The first chapter of Wuthering Heights is largely introductory, establishing the time (1801) and place (Wuthering Heights, on the Pennine moors of England). Upon starting the book, I was more than a little confused by the choice of narrator. From what I had heard about the book, I was expecting something more to the tune of Pride and Prejudice, but instead, the narration style of The Great Gatsby is what greeted me. Admittedly, I can’t remember whether or not Nick told Gatsby’s story through a therapist, as he did in the movie, but it is clear to me (due to my own impression and a quick google search to make certain) that our narrator Mr. Lockwood tells the story of Wuthering Heights through writings in his journal.
At first, I was a little aggravated by the choice of narrator because I picked the book in anticipation of a lot of drama and could not see how someone on the outside (that is, not Heathcliff or Catherine) could deliver on the theatrics I had come to expect. But the more I read Wuthering Heights and consider F. Scott Fitzgerald’s classic, the more I can understand why an objective narrator is the best choice (as is true with most novels chronicling some corrupt moral predicament).
Once I accepted the perspective (and reread the first chapter), I really liked Lockwood from as early as the first page for little reason other than his apparent dimwittedness and lack of social grace. In the very first sentence, his ineptitude rears its ugly head. Lockwood writes that Heathcliff is “the solitary neighbor that [he] shall be troubled with,” but it is not long before anyone reading this novel can see that it is our dear narrator who will be troubling Heathcliff. This is only one of several times his journal directly juxtaposes the truth. I even laughed when he said “[he] felt interested in a man who seemed more exaggeratedly reserved than [himself]” because, even though I have only just begun the book, Lockwood has shown that he is anything but reserved, let alone “exaggeratedly” so (9).
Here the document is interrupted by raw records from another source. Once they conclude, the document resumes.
text \<open>Otherwise the last up-step from one below the height at a starts a pair enclosing the
  visible pair at a.\<close>
lemma height_le_at_visible:
  assumes "a' < length x" "\<And>s. s < length x \<Longrightarrow> height x j (length x) < height x j s"
    and "visible x ((j + a') mod length x)" "s \<le> a'"
  shows "height x j a' \<le> height x j s"
proof (rule ccontr)
  let ?n = "length x" and ?H = "height x j" and ?a = "(j + a') mod length x"
  assume "\<not> ?H a' \<le> ?H s"
  define v where "v = ?H a' - 1"
  obtain t where t: "s \<le> t" "t < a'" "?H t = v" "?H (Suc t) = v + 1"
    "\<And>t'. t < t' \<Longrightarrow> t' \<le> a' \<Longrightarrow> ?H t' > v"
    using unit_step_last_up_crossing[of ?H s v a', OF abs_height_Suc_diff]
      \<open>\<not> ?H a' \<le> ?H s\<close> assms(4) unfolding v_def by fastforce
  have "?H ?n < ?H t" using assms(1) assms(2)[of t] t(2) by simp
  moreover have "?H (Suc t) = ?H t + 1" "Suc t \<le> ?n" using t(2,3,4) assms(1) by simp_all
  ultimately obtain e where e: "Suc t < e" "e \<le> ?n" "?H e = v"
    and mt: "match x ((j + t) mod ?n) = (j + (e - 1)) mod ?n"
    using match_of_up_step[of x j t ?n] t(3) by metis
  have xt: "x ! ((j + t) mod ?n)" using t(3,4) by (intro nth_of_height_up) simp
  have "x ! ?a" using assms(3) by (simp add: visible_def)
  moreover have "?a < ?n" using assms(1) by (intro mod_less_divisor) auto
  moreover have "x \<noteq> []" using assms(1) by auto
  then have "2 * count_list x True < ?n"
    using assms(2)[of 0] height_length[of x j] by simp
  ultimately obtain m where m: "0 < m" "height x ?a m = 0"
    "\<And>m'. 0 < m' \<Longrightarrow> m' < m \<Longrightarrow> height x ?a m' > 0" "match x ?a = (?a + m - 1) mod ?n"
    using match_first_return by metis
  have fits: "a' + m \<le> e"
  proof (rule ccontr)
    assume "\<not> a' + m \<le> e"
    have "?H e > v"
    proof (cases "e \<le> a'")
      case False
      then have "?H e = ?H a' + height x ?a (e - a')" using height_add[of x j a' "e - a'"] by simp
      moreover have "height x ?a (e - a') > 0" using m(3) False \<open>\<not> a' + m \<le> e\<close> by simp
      ultimately show ?thesis unfolding v_def by simp
    qed (use t(5) e(1) in simp)
    then show False using e(3) by simp
  qed
  have "match x ?a = (?a + (m - 1)) mod ?n" using m(1,4) by simp
  also have "\<dots> = (j + a' + (m - 1)) mod ?n" by (rule mod_add_left_eq)
  also have "j + a' + (m - 1) = j + (a' + m - 1)" using m(1) by simp
  finally have "\<not> visible x ?a" by (rule not_visible_if_enclosed[OF t(2) m(1) fits e(2) xt mt])
  then show False using assms(3) by contradiction
qed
Despite Heathcliff’s wish that there would be “no repetition of [his] intrusion,” Lockwood finds himself traveling to Wuthering Heights once again, this time meeting some new family members of vague association (13). I myself still don’t know how exactly Heathcliff, Catherine, and Hareton are all related, but most of my confusion may just be a result of expectation (this is why it’s best to go into a book knowing absolutely nothing). Though, the resounding question I have after they’re introduced has less to do with who they are and more to do with why they are all so ridiculously hostile. Are they all just “like that?” Is it pent up anger from a past transgression that was picked up by the other two? Were they raised that way? I’m not sure, but I’m anxious to know, as finding out why someone is the way they are generally gives way to better knowing them and understanding their motives.